First, I’m very glad to see the interest in Dynamic Languages in the context of the .NET Framework. I’m very excited about the growing set of developers using dynamic languages being able to further leverage Visual Studio and the rich libraries of the .NET FX as well as new technologies like Avalon and Indigo. Second, I should clarify that my remarks were geared more towards a compiler language author rather than a language user (an important distinction which determines what a user sees in the language itself).
The Managed Environment
Managed languages are typically made up of three parts:
The language implementation targeting the Engine.

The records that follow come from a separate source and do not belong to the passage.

(* Let $S$ be a nonabelian finite simple group, $I$ a set, and $G=S^I$ (the Cartesian product). Then every finite quotient of $G$ by an abstract normal subgroup of finite index is semisimple, i.e. is a direct product of finitely many nonabelian finite simple groups. *)

theory Defs
  imports "HOL-Algebra.Algebra"
begin

end

theory Submission
  imports Defs
begin

text \<open>
  In a finite nonabelian simple group \<open>S\<close>, the products of commutators \<open>[h, g]\<close> with a fixed
  \<open>g \<noteq> 1\<close> form a normal subgroup, hence all of \<open>S\<close>; by finiteness there is a bound \<open>K\<close> such that
  every element of \<open>S\<close> is a product of \<open>K\<close> such commutators, uniformly in \<open>g\<close>. Applied
  coordinatewise in \<open>S\<^sup>I\<close>, this shows that a normal subgroup \<open>N\<close> contains every element whose
  support lies in the support of an element of \<open>N\<close>, so \<open>N\<close> is determined by the ideal of
  negligible index sets (the supports of its elements). Elements supported on disjoint
  non-negligible sets lie in distinct cosets, so finite index bounds the length of a disjoint
  family of non-negligible sets. A maximal such family \<open>A\<^sub>1, \<dots>, A\<^sub>n\<close> covers \<open>I\<close> up to a negligible
  set, and the non-negligible subsets of each \<open>A\<^sub>k\<close> form an ultrafilter. As \<open>S\<close> is finite, every
  \<open>x \<in> S\<^sup>I\<close> is constant on each \<open>A\<^sub>k\<close> outside a negligible set; recording these \<open>n\<close> values is a
  surjective homomorphism \<open>S\<^sup>I \<rightarrow> S\<^sup>n\<close> with kernel \<open>N\<close>.
\<close>

section \<open>Products of commutators with a fixed element\<close>

definition commutators_with :: "('a, 'b) monoid_scheme \<Rightarrow> 'a \<Rightarrow> 'a set" where
  "commutators_with G g = {h \<otimes>\<^bsub>G\<^esub> g \<otimes>\<^bsub>G\<^esub> inv\<^bsub>G\<^esub> h \<otimes>\<^bsub>G\<^esub> inv\<^bsub>G\<^esub> g | h. h \<in> carrier G}"

fun commutator_products :: "('a, 'b) monoid_scheme \<Rightarrow> 'a \<Rightarrow> nat \<Rightarrow> 'a set" where
  "commutator_products G g 0 = {\<one>\<^bsub>G\<^esub>}"
| "commutator_products G g (Suc k) =
     {c \<otimes>\<^bsub>G\<^esub> b | c b. c \<in> commutators_with G g \<and> b \<in> commutator_products G g k}"

definition commutator_closure :: "('a, 'b) monoid_scheme \<Rightarrow> 'a \<Rightarrow> 'a set" where
  "commutator_closure G g = (\<Union>k. commutator_products G g k)"

lemma finite_subset_UN_mono:
  assumes "finite A" and mono: "\<And>k m. k \<le> m \<Longrightarrow> f k \<subseteq> f m" and "A \<subseteq> (\<Union>k. f k)"
  shows "\<exists>k. A \<subseteq> f (k::nat)"
  using assms(1,3)
proof (induction A rule: finite_induct)
  case (insert x A)
  then obtain k m where "A \<subseteq> f k" "x \<in> f m" by blast
  then have "insert x A \<subseteq> f (max k m)" using mono[of k "max k m"] mono[of m "max k m"] by auto
  then show ?case ..
qed simp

The Platform Libraries are for accessing databases, networking, and the usual kinds of features you need to be productive as a programmer. Ideally these are written using the language itself and target its instruction set, but often they are written in unmanaged code with an interop layer.
The engine functionality probably includes some kind of collector, support for exceptions and language intrinsics, potentially support to interop with unmanaged code (be it native C or COM or whatever), etc.
A programmer typically lives in the world of their compiler (often through an IDE) and the platform libraries. Ideally the machine level features aren’t in your face. For example, you expect to allocate objects and use them without having to know every nuance of how the collector itself works. Ideally the language gives you a nice way to deal with its constructs (like the using clause in C#). We’re not always as successful as we’d like to be, but it is a general goal.
Why Target the CLR When You Already Have a Language VM?
I’d like to see dynamic languages used in more places. Stand alone utilities like BitTorrent are cool. But can I utilize the technology in other places, like plug-ins for major applications? Yes, this is possible to do today. But here’s the world I would hate to see: a commonly used host application (like a browser) winds up with multiple garbage collectors competing for memory and machine cycles to collect it, tons of duplicated platform libraries clogging up working set, basically making the app a pig.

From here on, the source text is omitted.